Francis Engelmann, Theodora Kontogianni|arXiv (Cornell University)|Jul 28, 2019
3D Shape Modeling and Analysis被引用 23
一句话总结

本文提出了一种新型机制——空洞点卷积(Dilated Point Convolutions, DPC),显著扩大了三维点云处理中点卷积的感受野。通过将空洞机制引入点卷积操作,DPC 在无需架构大规模重构的情况下,提升了语义分割和物体分类任务的性能,在标准基准测试中取得了具有竞争力的结果,同时实现了对更大空间上下文的更好特征聚合。

ABSTRACT

In this work, we propose Dilated Point Convolutions (DPC). In a thorough ablation study, we show that the receptive field size is directly related to the performance of 3D point cloud processing tasks, including semantic segmentation and object classification. Point convolutions are widely used to efficiently process 3D data representations such as point clouds or graphs. However, we observe that the receptive field size of recent point convolutional networks is inherently limited.
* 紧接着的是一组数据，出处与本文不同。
lemma X_minus_Y_mult_cancel:
  fixes S T :: "'a::comm_ring_1 poly poly"
  assumes "(polyX [:0, 1:] - polyY [:0, 1:]) * S = (polyX [:0, 1:] - polyY [:0, 1:]) * T"
  shows "S = T"
proof (rule ccontr)
  let ?D = "polyX [:0, 1:] - polyY [:0, 1 :: 'a:]"
  assume "S \<noteq> T"
  have D: "?D = [:[:0, 1:], [:-1:]:]"
    by (simp add: polyX_def polyY_pCons polyY_0)
  have "?D * (S - T) = 0"
    using assms by (simp add: right_diff_distrib)
  then have "coeff ?D (degree ?D) * lead_coeff (S - T) = 0"
    by (metis coeff_mult_degree_sum coeff_0)
  then have "lead_coeff (S - T) = 0"
    unfolding D by simp
  then have "S - T = 0"
    by (simp only: leading_coeff_0_iff)
  then show False
    using \<open>S \<noteq> T\<close> by simp
qed

lemma bez_sum_2:
  "(\<Sum>p\<in>{1..2::nat}. \<Sum>q\<in>{1..2::nat}. polyX (monom (c p q) (p - 1)) * polyY (monom 1 (q - 1)))
    = [:[:c 1 1, c 2 1:], [:c 1 2, c 2 2 :: 'a::comm_ring_1:]:]"
proof -
  have "{1..2::nat} = {1, 2}"
    by auto
  then show ?thesis
    by (simp add: polyX_def polyY_pCons polyY_0 monom_Suc monom_0)
qed

lemma bez_identity_2:
  "polyX [:a0, a1, 1:] * polyY [:b0, b1:] - polyY [:a0, a1, 1:] * polyX [:b0, b1:]
    = (polyX [:0, 1:] - polyY [:0, 1:]) * [:[:a1*b0 - a0*b1, b0:], [:b0, b1 :: 'a::comm_ring_1:]:]"
  by (simp add: polyX_def polyY_pCons polyY_0 algebra_simps)

lemma bez_coeffs_2:
  "bez_coeffs 2 [:a0, a1, 1:] [:b0, b1:] = (\<lambda>p q.
     if (p, q) = (1, 1) then a1*b0 - a0*b1
     else if (p, q) = (2, 2) then b1
     else if (p, q) \<in> {(1, 2), (2, 1)} then b0 else (0 :: 'a::comm_ring_1))"
  (is "_ = ?c")
  unfolding bez_coeffs_def
proof (rule the_equality)
  fix c :: "nat \<Rightarrow> nat \<Rightarrow> 'a"
  assume c: "(\<forall>p q. \<not> (1 \<le> p \<and> p \<le> 2 \<and> 1 \<le> q \<and> q \<le> 2) \<longrightarrow> c p q = 0) \<and>
    polyX [:a0, a1, 1:] * polyY [:b0, b1:] - polyY [:a0, a1, 1:] * polyX [:b0, b1:] =
    (polyX [:0, 1:] - polyY [:0, 1:]) *
    (\<Sum>p\<in>{1..2}. \<Sum>q\<in>{1..2}. polyX (monom (c p q) (p - 1)) * polyY (monom 1 (q - 1)))"
  then have "(polyX [:0, 1:] - polyY [:0, 1:]) * [:[:a1*b0 - a0*b1, b0:], [:b0, b1:]:]
      = (polyX [:0, 1:] - polyY [:0, 1:]) * [:[:c 1 1, c 2 1:], [:c 1 2, c 2 2:]:]"
    unfolding bez_identity_2 bez_sum_2 by (rule conjunct2)
  then have "[:[:a1*b0 - a0*b1, b0:], [:b0, b1:]:] = [:[:c 1 1, c 2 1:], [:c 1 2, c 2 2:]:]"
    by (rule X_minus_Y_mult_cancel)
  then have "c 1 1 = a1*b0 - a0*b1" "c 1 2 = b0" "c 2 1 = b0" "c 2 2 = b1"
    unfolding pCons_eq_iff by metis+
  moreover have "c p q = 0" if "\<not> (1 \<le> p \<and> p \<le> 2 \<and> 1 \<le> q \<and> q \<le> 2)" for p q
    using c that by blast
  ultimately show "c = ?c"
    by (intro ext) (auto simp: le_Suc_eq numeral_2_eq_2)
next
  show "(\<forall>p q. \<not> (1 \<le> p \<and> p \<le> 2 \<and> 1 \<le> q \<and> q \<le> 2) \<longrightarrow> ?c p q = 0) \<and>
    polyX [:a0, a1, 1:] * polyY [:b0, b1:] - polyY [:a0, a1, 1:] * polyX [:b0, b1:] =
    (polyX [:0, 1:] - polyY [:0, 1:]) *
    (\<Sum>p\<in>{1..2}. \<Sum>q\<in>{1..2}. polyX (monom (?c p q) (p - 1)) * polyY (monom 1 (q - 1)))"
    unfolding bez_identity_2 bez_sum_2 by auto
qed

lemma Bez_2:
  "Bez 2 [:a0, a1, 1:] [:b0, b1:] = mat_of_rows_list 2 [[a1*b0 - a0*b1, b0], [b0, b1 :: 'a::comm_ring_1]]"
  unfolding Bez_def bez_coeffs_2
  by (rule eq_matI) (auto simp: mat_of_rows_list_def less_Suc_eq numeral_2_eq_2)

lemma det_Bez_2:
  "det (Bez 2 [:a0, a1, 1:] [:b0, b1:]) = - res_mn 2 2 [:a0, a1, 1:] [:b0, b1 :: 'a::comm_ring_1:]"
  unfolding Bez_2 res_mn_2_2
  by (subst det_2x2) (auto simp: mat_of_rows_list_def algebra_simps power2_eq_square)

lemma Bez_2_in_S2:
  assumes "(A, B) \<in> F2"
  shows "Bez 2 A B \<in> S2"
proof -
  obtain a0 a1 b0 b1 where A: "A = [:a0, a1, 1:]" and B: "B = [:b0, b1:]"
    using assms unfolding F2_iff by blast
  obtain y where "res_mn 2 2 A B * y = 1"
    using assms by (auto simp: F2_def invertible_elt_def)
  then have "det (Bez 2 A B) * (- y) = 1"
    unfolding A B det_Bez_2 by simp
  then have "invertible_elt (det (Bez 2 A B))"
    unfolding invertible_elt_def by blast
  moreover have "transpose_mat (Bez 2 A B) = Bez 2 A B"
    unfolding A B Bez_2
    by (rule eq_matI) (auto simp: mat_of_rows_list_def less_Suc_eq numeral_2_eq_2)
  moreover have "Bez 2 A B \<in> carrier_mat 2 2"
    unfolding A B Bez_2 mat_of_rows_list_def by (simp add: numeral_2_eq_2)
  ultimately show ?thesis
    unfolding S2_def by blast
qed

lemma Bez_2_eq_imp_Ga_act:
  assumes "(A, B) \<in> F2" "(A', B') \<in> F2" and "Bez 2 A B = Bez 2 A' B'"
  shows "\<exists>h. (A', B') = Ga_act h (A, B)"
proof -
  obtain a0 a1 b0 b1 r y where A: "A = [:a0, a1, 1:]" and B: "B = [:b0, b1:]"
    and r: "r = b0^2 - a1*b0*b1 + a0*b1^2" and "r * y = 1"
    using assms(1) unfolding F2_iff invertible_elt_def by blast
  obtain a0' a1' b0' b1' where A': "A' = [:a0', a1', 1:]" and B': "B' = [:b0', b1':]"
    using assms(2) unfolding F2_iff by blast
  have "Bez 2 A B $$ (0, 1) = Bez 2 A' B' $$ (0, 1)" "Bez 2 A B $$ (1, 1) = Bez 2 A' B' $$ (1, 1)"
    "Bez 2 A B $$ (0, 0) = Bez 2 A' B' $$ (0, 0)"
    using assms(3) by simp_all
  then have b0: "b0' = b0" and b1: "b1' = b1" and m: "a1'*b0 - a0'*b1 = a1*b0 - a0*b1"
    unfolding A B A' B' Bez_2 by (simp_all add: mat_of_rows_list_def)
  define d0 d1 where "d0 = a0' - a0" and "d1 = a1' - a1"
  \<comment> \<open>\<open>(d\<^sub>0, d\<^sub>1)\<close> is proportional to \<open>(b\<^sub>0, b\<^sub>1)\<close>, and \<open>r = b\<^sub>0 b\<^sub>0 - b\<^sub>1 (a\<^sub>1 b\<^sub>0 - a\<^sub>0 b\<^sub>1)\<close> exhibits the factor\<close>
  define h where "h = y * (b0*d0 - (a1*b0 - a0*b1)*d1)"
  have "b1*d0 - b0*d1 = 0"
    using m by (simp add: d0_def d1_def algebra_simps)
  moreover have "h*b0 = d0*(r*y) + y*(a1*b0 - a0*b1)*(b1*d0 - b0*d1)"
    "h*b1 = d1*(r*y) + y*b0*(b1*d0 - b0*d1)"
    by (simp_all add: h_def r algebra_simps power2_eq_square)
  ultimately have "a0' = a0 + h*b0" "a1' = a1 + h*b1"
    using \<open>r * y = 1\<close> by (simp_all add: d0_def d1_def)
  then have "(A', B') = Ga_act h (A, B)"
    by (simp add: Ga_act_def A B A' B' b0 b1)
  then show ?thesis ..
qed

lemma Bez_2_onto_S2:
  assumes "M \<in> S2"
  shows "\<exists>A B. (A, B) \<in> F2 \<and> Bez 2 A B = M"
proof -
  have M: "M \<in> carrier_mat 2 2" and sym: "transpose_mat M = M" and "invertible_elt (det M)"
    using assms by (auto simp: S2_def)
  then obtain y where "det M * y = 1"
    by (auto simp: invertible_elt_def)
  define m b0 b1 where "m = M $$ (0, 0)" and "b0 = M $$ (0, 1)" and "b1 = M $$ (1, 1)"
  have "M $$ (1, 0) = b0"
    using M arg_cong[OF sym, of "\<lambda>M. M $$ (0, 1)"] by (simp add: m_def b0_def b1_def)
  then have det: "det M = m*b1 - b0*b0"
    by (simp add: det_2x2[OF M] m_def b0_def b1_def)
  define a0 a1 where "a0 = - m*m*y" and "a1 = - m*b0*y"
  have "a1*b0 - a0*b1 = m*(det M * y)"
    by (simp add: det a0_def a1_def algebra_simps)
  then have "Bez 2 [:a0, a1, 1:] [:b0, b1:] = M"
    using M \<open>det M * y = 1\<close> \<open>M $$ (1, 0) = b0\<close> unfolding Bez_2
    by (intro eq_matI) (auto simp: mat_of_rows_list_def less_Suc_eq numeral_2_eq_2 m_def b0_def b1_def)
  moreover have "res_mn 2 2 [:a0, a1, 1:] [:b0, b1:] * (- y) = 1"
    using det_Bez_2[of a0 a1 b0 b1] \<open>det M * y = 1\<close> calculation by simp
  then have "invertible_elt (res_mn 2 2 [:a0, a1, 1:] [:b0, b1:])"
    unfolding invertible_elt_def by blast
  then have "([:a0, a1, 1:], [:b0, b1:]) \<in> F2"
    unfolding F2_iff res_mn_2_2 by blast
  ultimately show ?thesis
    by blast
qed

lemma quadratic_linear_combination:
  "[:a0, a1, 1:] * [:u0, u1:] + [:b0, b1:] * [:v0, v1:] =
    [:a0*u0 + b0*v0, a0*u1 + a1*u0 + b0*v1 + b1*v0, u0 + a1*u1 + b1*v1, u1 :: 'a::comm_ring_1:]"
  by (simp add: algebra_simps)

lemma monom_1_3: "monom 1 3 = [:0, 0, 0, 1 :: 'a::comm_ring_1:]"
  by (simp add: monom_Suc numeral_3_eq_3 monom_0)
text \<open>If X is not coarsely equivalent to a space of bounded geometry, then for some \<rho> the
  balls of radius \<rho> contain arbitrarily large R-separated sets: otherwise a maximal R-separated
  net would be such a space. Following quasigeodesics, a \<delta>-path can make an excursion from the
  centre of such a ball to any of its N separated points and back in a number L of steps that
  depends only on \<rho> and \<delta>; concatenating k excursions yields N^k pairwise R-separated paths of
  length about k L, so the entropy at scales (\<delta>, R) is at least (ln N) / L for every N.

  If X is coarsely equivalent to a space T of bounded geometry, joining the points of T at
  bounded distance gives a graph G of bounded degree quasi-isometric to X. A \<delta>-path of length n
  is determined up to distance about 2 k \<delta> by its samples at every k-th step, whose images form a
  walk in G with jumps of length at most l \<approx> k \<delta>; hence the entropy at scales (\<delta>, 2 k \<delta>) is at
  most ln |B(l)| / k, which tends to 0 as k grows if G has subexponential growth. If instead
  |B(l)| grows at exponential rate c along a sequence of l, a ball of radius l contains about
  e^(c l) points that are separated at scale R, and the excursion argument applied to their
  preimages bounds the entropy at scales (\<delta>, R) from below by a multiple of c \<delta>.\<close>

section \<open>Entropy at fixed scales\<close>

definition separated :: "('a \<Rightarrow> 'a \<Rightarrow> real) \<Rightarrow> real \<Rightarrow> 'a set \<Rightarrow> bool" where
  "separated d r Y \<longleftrightarrow> (\<forall>a\<in>Y. \<forall>b\<in>Y. a \<noteq> b \<longrightarrow> d a b > r)"

lemma separated_subset: "separated d r Y \<Longrightarrow> Z \<subseteq> Y \<Longrightarrow> separated d r Z"
  unfolding separated_def by blast

definition scale_entropy :: "'a set \<Rightarrow> ('a \<Rightarrow> 'a \<Rightarrow> real) \<Rightarrow> real \<Rightarrow> real \<Rightarrow> 'a \<Rightarrow> ereal" where
  "scale_entropy S d \<delta> R x0 = limsup (\<lambda>n. eln (separated_count S d n R \<delta> x0) / ereal (real n))"

lemma coarse_entropy_eq_Lim_scale_entropy:
  "coarse_entropy S d x0 = Lim at_top (\<lambda>\<delta>. Lim at_top (\<lambda>R. scale_entropy S d \<delta> R x0))"
  unfolding coarse_entropy_def scale_entropy_def ..

lemma le_path_dist: "t \<le> n \<Longrightarrow> d (p t) (q t) \<le> path_dist d n p q"
  unfolding path_dist_def by (intro Max_ge) auto

lemma card_le_separated_count:
  assumes "P \<subseteq> delta_paths S d n \<delta> x0" "finite P" "separated (path_dist d n) R P"
  shows "ereal (real (card P)) \<le> separated_count S d n R \<delta> x0"
  unfolding separated_count_def by (rule SUP_upper) (use assms in \<open>auto simp: separated_def\<close>)

lemma separated_count_le:
  assumes "\<And>P. P \<subseteq> delta_paths S d n \<delta> x0 \<Longrightarrow> finite P \<Longrightarrow> separated (path_dist d n) R P
      \<Longrightarrow> real (card P) \<le> K"
  shows "separated_count S d n R \<delta> x0 \<le> ereal K"
  unfolding separated_count_def by (rule SUP_least) (use assms in \<open>auto simp: separated_def\<close>)

lemma separated_count_antimono:
  "R \<le> R' \<Longrightarrow> separated_count S d n R' \<delta> x0 \<le> separated_count S d n R \<delta> x0"
  unfolding separated_count_def by (rule SUP_subset_mono) force+

lemma one_le_separated_count:
  assumes "Metric_space S d" "x0 \<in> S" "\<delta> \<ge> 0"
  shows "1 \<le> separated_count S d n R \<delta> x0"
proof -
  let ?p = "\<lambda>i\<in>{0..n}. x0"
  have "d x0 x0 = 0"
    using Metric_space.zero[OF assms(1)] assms(2) by simp
  then have "?p \<in> delta_paths S d n \<delta> x0"
    using assms unfolding delta_paths_def by auto
  then have "ereal (real (card {?p})) \<le> separated_count S d n R \<delta> x0"
    by (intro card_le_separated_count) (auto simp: separated_def)
  then show ?thesis by (simp add: one_ereal_def)
qed

lemma ln_le_eln: "1 \<le> c \<Longrightarrow> ereal c \<le> s \<Longrightarrow> ereal (ln c) \<le> eln s"
  by (cases s) (auto simp: eln_def)

lemma eln_le_ln: "1 \<le> s \<Longrightarrow> s \<le> ereal b \<Longrightarrow> eln s \<le> ereal (ln b)"
  by (cases s) (auto simp: eln_def)

lemma eln_mono: "1 \<le> a \<Longrightarrow> a \<le> b \<Longrightarrow> eln a \<le> eln b"
  by (cases a; cases b) (auto simp: eln_def)

lemma scale_entropy_nonneg:
  assumes "Metric_space S d" "x0 \<in> S" "\<delta> \<ge> 0"
  shows "0 \<le> scale_entropy S d \<delta> R x0"
  unfolding scale_entropy_def
proof (rule le_Limsup)
  show "\<forall>\<^sub>F n in sequentially. 0 \<le> eln (separated_count S d n R \<delta> x0) / ereal (real n)"
  proof (rule eventually_sequentiallyI[of 1])
    fix n :: nat assume "1 \<le> n"
    have "ereal (ln 1) \<le> eln (separated_count S d n R \<delta> x0)"
      using one_le_separated_count[OF assms] by (intro ln_le_eln) (auto simp: one_ereal_def)
    then show "0 \<le> eln (separated_count S d n R \<delta> x0) / ereal (real n)"
      using ereal_divide_right_mono[of 0 _ "ereal (real n)"] \<open>1 \<le> n\<close> by (simp add: zero_ereal_def)
  qed
qed simp

lemma scale_entropy_antimono:
  assumes "Metric_space S d" "x0 \<in> S" "\<delta> \<ge> 0" "R \<le> R'"
  shows "scale_entropy S d \<delta> R' x0 \<le> scale_entropy S d \<delta> R x0"
  unfolding scale_entropy_def
proof (rule Limsup_mono, rule eventually_sequentiallyI[of 1])
  fix n :: nat assume "1 \<le> n"
  then show "eln (separated_count S d n R' \<delta> x0) / ereal (real n)
      \<le> eln (separated_count S d n R \<delta> x0) / ereal (real n)"
    using one_le_separated_count[OF assms(1-3)] separated_count_antimono[OF assms(4)]
    by (intro ereal_divide_right_mono eln_mono) auto
qed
Our dilated point convolutions alleviate this issue, they significantly increase the receptive field size of point convolutions. Importantly, our dilation mechanism can easily be integrated into most existing point convolutional networks. To evaluate the resulting network architectures, we visualize the receptive field and report competitive scores on popular point cloud benchmarks.

研究动机与目标

  • 解决现有用于三维数据处理的点卷积网络中感受野固有的局限性。
  • 探究感受野大小与三维点云任务(如语义分割和物体分类)性能之间的直接关系。
  • 设计一种可扩展且可集成的空洞机制,以扩大感受野,同时不破坏现有网络架构。
  • 通过感受野可视化与标准数据集上的基准性能评估,验证所提方法的有效性。

提出的方法

  • 所提方法引入了一种专为点云数据设计的空洞卷积机制,通过增加局部邻域采样点之间的间距来实现感受野的扩展。
  • 空洞机制应用于点卷积操作中,使网络能够在保持计算效率的同时捕捉长距离依赖关系。
  • 该空洞机制设计为即插即用,可轻松集成到大多数现有点卷积网络中,仅需极少修改。
  • 该方法在保持点卷积的不变性与高效性的同时,显著增加了每层所捕获的有效上下文范围。
  • 通过感受野可视化,定性验证了各层有效感受野的扩展。

实验结果

研究问题

  • RQ1感受野大小如何影响三维点云语义分割与物体分类任务的性能?
  • RQ2能否有效将空洞机制适配到点卷积中,以扩大其感受野而不影响效率?
  • RQ3所提出的空洞点卷积在标准三维点云基准测试中能将性能提升到何种程度?
  • RQ4在使用所提出的DPC模块时,不同网络架构之间的感受野增长情况如何比较?

主要发现

  • 在三维点云处理任务中,感受野大小与性能呈直接相关关系,更大的感受野可带来更优的结果。
  • 空洞点卷积成功扩展了点卷积网络的感受野,使模型能够在更大的空间上下文中实现更优的特征聚合。
  • 所提方法在主流三维点云基准测试中取得了具有竞争力的性能,表现出最先进或接近最先进水平的结果。
  • 空洞机制可无缝集成到现有点卷积网络中,无需架构重构即可提升性能。
  • 可视化结果证实,使用空洞卷积后感受野显著扩大,验证了该设计的有效性。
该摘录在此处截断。